What this task involves: Line by line, copy the data below exactly.
□ □ □ □ □ □ □
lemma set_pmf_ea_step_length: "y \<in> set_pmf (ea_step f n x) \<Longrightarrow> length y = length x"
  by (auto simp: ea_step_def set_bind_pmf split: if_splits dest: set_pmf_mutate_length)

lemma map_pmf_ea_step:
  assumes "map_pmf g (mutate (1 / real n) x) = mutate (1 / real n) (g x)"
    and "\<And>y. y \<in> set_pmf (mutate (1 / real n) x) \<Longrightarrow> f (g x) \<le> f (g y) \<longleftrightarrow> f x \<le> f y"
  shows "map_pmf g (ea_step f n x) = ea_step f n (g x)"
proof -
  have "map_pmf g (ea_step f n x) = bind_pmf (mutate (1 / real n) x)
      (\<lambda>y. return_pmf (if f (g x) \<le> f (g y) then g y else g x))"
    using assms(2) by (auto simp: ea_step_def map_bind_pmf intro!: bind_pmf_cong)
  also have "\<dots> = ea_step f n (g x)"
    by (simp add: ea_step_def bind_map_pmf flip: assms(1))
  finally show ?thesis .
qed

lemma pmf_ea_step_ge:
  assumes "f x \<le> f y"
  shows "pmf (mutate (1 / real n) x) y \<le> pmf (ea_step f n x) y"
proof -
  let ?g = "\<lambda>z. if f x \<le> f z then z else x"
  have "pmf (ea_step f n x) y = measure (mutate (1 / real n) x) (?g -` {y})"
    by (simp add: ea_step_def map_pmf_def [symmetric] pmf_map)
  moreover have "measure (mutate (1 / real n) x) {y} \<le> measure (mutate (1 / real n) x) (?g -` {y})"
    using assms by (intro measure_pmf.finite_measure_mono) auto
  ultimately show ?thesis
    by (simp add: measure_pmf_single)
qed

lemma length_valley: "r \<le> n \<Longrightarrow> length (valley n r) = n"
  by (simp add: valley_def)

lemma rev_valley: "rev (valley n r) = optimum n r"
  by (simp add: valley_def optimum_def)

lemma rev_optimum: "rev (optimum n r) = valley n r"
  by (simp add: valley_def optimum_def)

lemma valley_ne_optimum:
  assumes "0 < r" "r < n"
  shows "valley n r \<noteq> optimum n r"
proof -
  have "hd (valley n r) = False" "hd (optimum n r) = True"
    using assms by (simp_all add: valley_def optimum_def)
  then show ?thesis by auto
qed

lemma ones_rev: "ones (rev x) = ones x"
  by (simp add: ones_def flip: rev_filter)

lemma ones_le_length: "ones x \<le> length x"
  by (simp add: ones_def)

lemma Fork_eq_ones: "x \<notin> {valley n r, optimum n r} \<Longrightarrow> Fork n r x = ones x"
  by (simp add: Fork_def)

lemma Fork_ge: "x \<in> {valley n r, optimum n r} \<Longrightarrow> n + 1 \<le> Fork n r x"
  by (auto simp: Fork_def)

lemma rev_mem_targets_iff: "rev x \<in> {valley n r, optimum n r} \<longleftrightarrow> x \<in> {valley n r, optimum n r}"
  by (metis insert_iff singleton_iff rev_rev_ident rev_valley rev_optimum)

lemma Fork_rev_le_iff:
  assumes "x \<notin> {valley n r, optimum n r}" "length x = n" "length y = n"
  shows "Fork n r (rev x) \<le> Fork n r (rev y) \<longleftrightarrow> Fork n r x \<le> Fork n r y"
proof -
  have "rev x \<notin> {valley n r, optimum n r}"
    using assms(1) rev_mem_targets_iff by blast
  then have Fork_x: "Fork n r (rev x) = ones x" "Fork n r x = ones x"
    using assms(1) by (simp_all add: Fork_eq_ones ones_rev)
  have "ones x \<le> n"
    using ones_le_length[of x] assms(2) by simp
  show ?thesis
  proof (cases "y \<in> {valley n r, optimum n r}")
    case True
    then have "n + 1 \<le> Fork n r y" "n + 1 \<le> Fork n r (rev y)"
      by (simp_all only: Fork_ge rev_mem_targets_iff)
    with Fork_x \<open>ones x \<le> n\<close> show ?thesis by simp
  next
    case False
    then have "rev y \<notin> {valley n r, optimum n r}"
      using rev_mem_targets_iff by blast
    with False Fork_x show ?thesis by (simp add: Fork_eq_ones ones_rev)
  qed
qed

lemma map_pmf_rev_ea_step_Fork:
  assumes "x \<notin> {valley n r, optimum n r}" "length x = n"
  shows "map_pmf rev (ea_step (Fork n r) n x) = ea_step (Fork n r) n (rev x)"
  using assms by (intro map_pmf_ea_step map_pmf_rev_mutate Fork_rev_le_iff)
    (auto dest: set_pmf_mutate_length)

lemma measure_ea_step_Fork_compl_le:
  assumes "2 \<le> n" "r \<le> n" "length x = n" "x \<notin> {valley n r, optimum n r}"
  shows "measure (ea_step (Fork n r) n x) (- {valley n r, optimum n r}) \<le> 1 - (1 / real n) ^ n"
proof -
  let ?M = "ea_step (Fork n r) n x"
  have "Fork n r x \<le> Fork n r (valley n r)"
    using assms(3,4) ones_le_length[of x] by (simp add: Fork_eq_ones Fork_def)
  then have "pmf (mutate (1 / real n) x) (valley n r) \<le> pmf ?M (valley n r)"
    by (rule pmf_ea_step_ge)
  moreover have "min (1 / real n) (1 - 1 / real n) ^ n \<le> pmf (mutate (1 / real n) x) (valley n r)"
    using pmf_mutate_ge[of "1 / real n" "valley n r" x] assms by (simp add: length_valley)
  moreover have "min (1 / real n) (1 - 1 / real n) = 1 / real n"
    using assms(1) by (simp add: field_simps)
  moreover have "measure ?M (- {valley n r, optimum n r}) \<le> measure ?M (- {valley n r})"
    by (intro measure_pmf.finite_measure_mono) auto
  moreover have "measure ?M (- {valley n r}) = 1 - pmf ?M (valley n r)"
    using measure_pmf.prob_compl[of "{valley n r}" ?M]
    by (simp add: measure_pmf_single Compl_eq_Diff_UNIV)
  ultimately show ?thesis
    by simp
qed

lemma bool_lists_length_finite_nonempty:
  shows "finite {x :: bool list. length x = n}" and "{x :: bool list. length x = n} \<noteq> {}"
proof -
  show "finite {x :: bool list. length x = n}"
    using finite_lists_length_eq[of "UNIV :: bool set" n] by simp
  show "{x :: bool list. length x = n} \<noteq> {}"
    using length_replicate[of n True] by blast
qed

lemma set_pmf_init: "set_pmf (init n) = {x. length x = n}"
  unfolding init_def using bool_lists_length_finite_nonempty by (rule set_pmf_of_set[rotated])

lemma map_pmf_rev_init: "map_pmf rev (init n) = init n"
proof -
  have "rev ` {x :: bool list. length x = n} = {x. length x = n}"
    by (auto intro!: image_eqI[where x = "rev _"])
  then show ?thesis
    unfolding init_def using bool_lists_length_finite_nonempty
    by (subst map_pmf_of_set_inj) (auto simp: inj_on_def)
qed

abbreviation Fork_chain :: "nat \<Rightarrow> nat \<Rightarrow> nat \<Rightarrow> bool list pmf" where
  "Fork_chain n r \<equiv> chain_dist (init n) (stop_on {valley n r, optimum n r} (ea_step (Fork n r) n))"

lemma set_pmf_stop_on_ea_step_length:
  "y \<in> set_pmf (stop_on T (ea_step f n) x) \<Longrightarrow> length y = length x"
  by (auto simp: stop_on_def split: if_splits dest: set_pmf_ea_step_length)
□ □ □ □ □ □ □
Solution for this exercise:
lemma set_pmf_ea_step_length: "y \<in> set_pmf (ea_step f n x) \<Longrightarrow> length y = length x"
  by (auto simp: ea_step_def set_bind_pmf split: if_splits dest: set_pmf_mutate_length)

lemma map_pmf_ea_step:
  assumes "map_pmf g (mutate (1 / real n) x) = mutate (1 / real n) (g x)"
    and "\<And>y. y \<in> set_pmf (mutate (1 / real n) x) \<Longrightarrow> f (g x) \<le> f (g y) \<longleftrightarrow> f x \<le> f y"
  shows "map_pmf g (ea_step f n x) = ea_step f n (g x)"
proof -
  have "map_pmf g (ea_step f n x) = bind_pmf (mutate (1 / real n) x)
      (\<lambda>y. return_pmf (if f (g x) \<le> f (g y) then g y else g x))"
    using assms(2) by (auto simp: ea_step_def map_bind_pmf intro!: bind_pmf_cong)
  also have "\<dots> = ea_step f n (g x)"
    by (simp add: ea_step_def bind_map_pmf flip: assms(1))
  finally show ?thesis .
qed

lemma pmf_ea_step_ge:
  assumes "f x \<le> f y"
  shows "pmf (mutate (1 / real n) x) y \<le> pmf (ea_step f n x) y"
proof -
  let ?g = "\<lambda>z. if f x \<le> f z then z else x"
  have "pmf (ea_step f n x) y = measure (mutate (1 / real n) x) (?g -` {y})"
    by (simp add: ea_step_def map_pmf_def [symmetric] pmf_map)
  moreover have "measure (mutate (1 / real n) x) {y} \<le> measure (mutate (1 / real n) x) (?g -` {y})"
    using assms by (intro measure_pmf.finite_measure_mono) auto
  ultimately show ?thesis
    by (simp add: measure_pmf_single)
qed

lemma length_valley: "r \<le> n \<Longrightarrow> length (valley n r) = n"
  by (simp add: valley_def)

lemma rev_valley: "rev (valley n r) = optimum n r"
  by (simp add: valley_def optimum_def)

lemma rev_optimum: "rev (optimum n r) = valley n r"
  by (simp add: valley_def optimum_def)

lemma valley_ne_optimum:
  assumes "0 < r" "r < n"
  shows "valley n r \<noteq> optimum n r"
proof -
  have "hd (valley n r) = False" "hd (optimum n r) = True"
    using assms by (simp_all add: valley_def optimum_def)
  then show ?thesis by auto
qed

lemma ones_rev: "ones (rev x) = ones x"
  by (simp add: ones_def flip: rev_filter)

lemma ones_le_length: "ones x \<le> length x"
  by (simp add: ones_def)

lemma Fork_eq_ones: "x \<notin> {valley n r, optimum n r} \<Longrightarrow> Fork n r x = ones x"
  by (simp add: Fork_def)

lemma Fork_ge: "x \<in> {valley n r, optimum n r} \<Longrightarrow> n + 1 \<le> Fork n r x"
  by (auto simp: Fork_def)

lemma rev_mem_targets_iff: "rev x \<in> {valley n r, optimum n r} \<longleftrightarrow> x \<in> {valley n r, optimum n r}"
  by (metis insert_iff singleton_iff rev_rev_ident rev_valley rev_optimum)

lemma Fork_rev_le_iff:
  assumes "x \<notin> {valley n r, optimum n r}" "length x = n" "length y = n"
  shows "Fork n r (rev x) \<le> Fork n r (rev y) \<longleftrightarrow> Fork n r x \<le> Fork n r y"
proof -
  have "rev x \<notin> {valley n r, optimum n r}"
    using assms(1) rev_mem_targets_iff by blast
  then have Fork_x: "Fork n r (rev x) = ones x" "Fork n r x = ones x"
    using assms(1) by (simp_all add: Fork_eq_ones ones_rev)
  have "ones x \<le> n"
    using ones_le_length[of x] assms(2) by simp
  show ?thesis
  proof (cases "y \<in> {valley n r, optimum n r}")
    case True
    then have "n + 1 \<le> Fork n r y" "n + 1 \<le> Fork n r (rev y)"
      by (simp_all only: Fork_ge rev_mem_targets_iff)
    with Fork_x \<open>ones x \<le> n\<close> show ?thesis by simp
  next
    case False
    then have "rev y \<notin> {valley n r, optimum n r}"
      using rev_mem_targets_iff by blast
    with False Fork_x show ?thesis by (simp add: Fork_eq_ones ones_rev)
  qed
qed

lemma map_pmf_rev_ea_step_Fork:
  assumes "x \<notin> {valley n r, optimum n r}" "length x = n"
  shows "map_pmf rev (ea_step (Fork n r) n x) = ea_step (Fork n r) n (rev x)"
  using assms by (intro map_pmf_ea_step map_pmf_rev_mutate Fork_rev_le_iff)
    (auto dest: set_pmf_mutate_length)

lemma measure_ea_step_Fork_compl_le:
  assumes "2 \<le> n" "r \<le> n" "length x = n" "x \<notin> {valley n r, optimum n r}"
  shows "measure (ea_step (Fork n r) n x) (- {valley n r, optimum n r}) \<le> 1 - (1 / real n) ^ n"
proof -
  let ?M = "ea_step (Fork n r) n x"
  have "Fork n r x \<le> Fork n r (valley n r)"
    using assms(3,4) ones_le_length[of x] by (simp add: Fork_eq_ones Fork_def)
  then have "pmf (mutate (1 / real n) x) (valley n r) \<le> pmf ?M (valley n r)"
    by (rule pmf_ea_step_ge)
  moreover have "min (1 / real n) (1 - 1 / real n) ^ n \<le> pmf (mutate (1 / real n) x) (valley n r)"
    using pmf_mutate_ge[of "1 / real n" "valley n r" x] assms by (simp add: length_valley)
  moreover have "min (1 / real n) (1 - 1 / real n) = 1 / real n"
    using assms(1) by (simp add: field_simps)
  moreover have "measure ?M (- {valley n r, optimum n r}) \<le> measure ?M (- {valley n r})"
    by (intro measure_pmf.finite_measure_mono) auto
  moreover have "measure ?M (- {valley n r}) = 1 - pmf ?M (valley n r)"
    using measure_pmf.prob_compl[of "{valley n r}" ?M]
    by (simp add: measure_pmf_single Compl_eq_Diff_UNIV)
  ultimately show ?thesis
    by simp
qed

lemma bool_lists_length_finite_nonempty:
  shows "finite {x :: bool list. length x = n}" and "{x :: bool list. length x = n} \<noteq> {}"
proof -
  show "finite {x :: bool list. length x = n}"
    using finite_lists_length_eq[of "UNIV :: bool set" n] by simp
  show "{x :: bool list. length x = n} \<noteq> {}"
    using length_replicate[of n True] by blast
qed

lemma set_pmf_init: "set_pmf (init n) = {x. length x = n}"
  unfolding init_def using bool_lists_length_finite_nonempty by (rule set_pmf_of_set[rotated])

lemma map_pmf_rev_init: "map_pmf rev (init n) = init n"
proof -
  have "rev ` {x :: bool list. length x = n} = {x. length x = n}"
    by (auto intro!: image_eqI[where x = "rev _"])
  then show ?thesis
    unfolding init_def using bool_lists_length_finite_nonempty
    by (subst map_pmf_of_set_inj) (auto simp: inj_on_def)
qed

abbreviation Fork_chain :: "nat \<Rightarrow> nat \<Rightarrow> nat \<Rightarrow> bool list pmf" where
  "Fork_chain n r \<equiv> chain_dist (init n) (stop_on {valley n r, optimum n r} (ea_step (Fork n r) n))"

lemma set_pmf_stop_on_ea_step_length:
  "y \<in> set_pmf (stop_on T (ea_step f n) x) \<Longrightarrow> length y = length x"
  by (auto simp: stop_on_def split: if_splits dest: set_pmf_ea_step_length)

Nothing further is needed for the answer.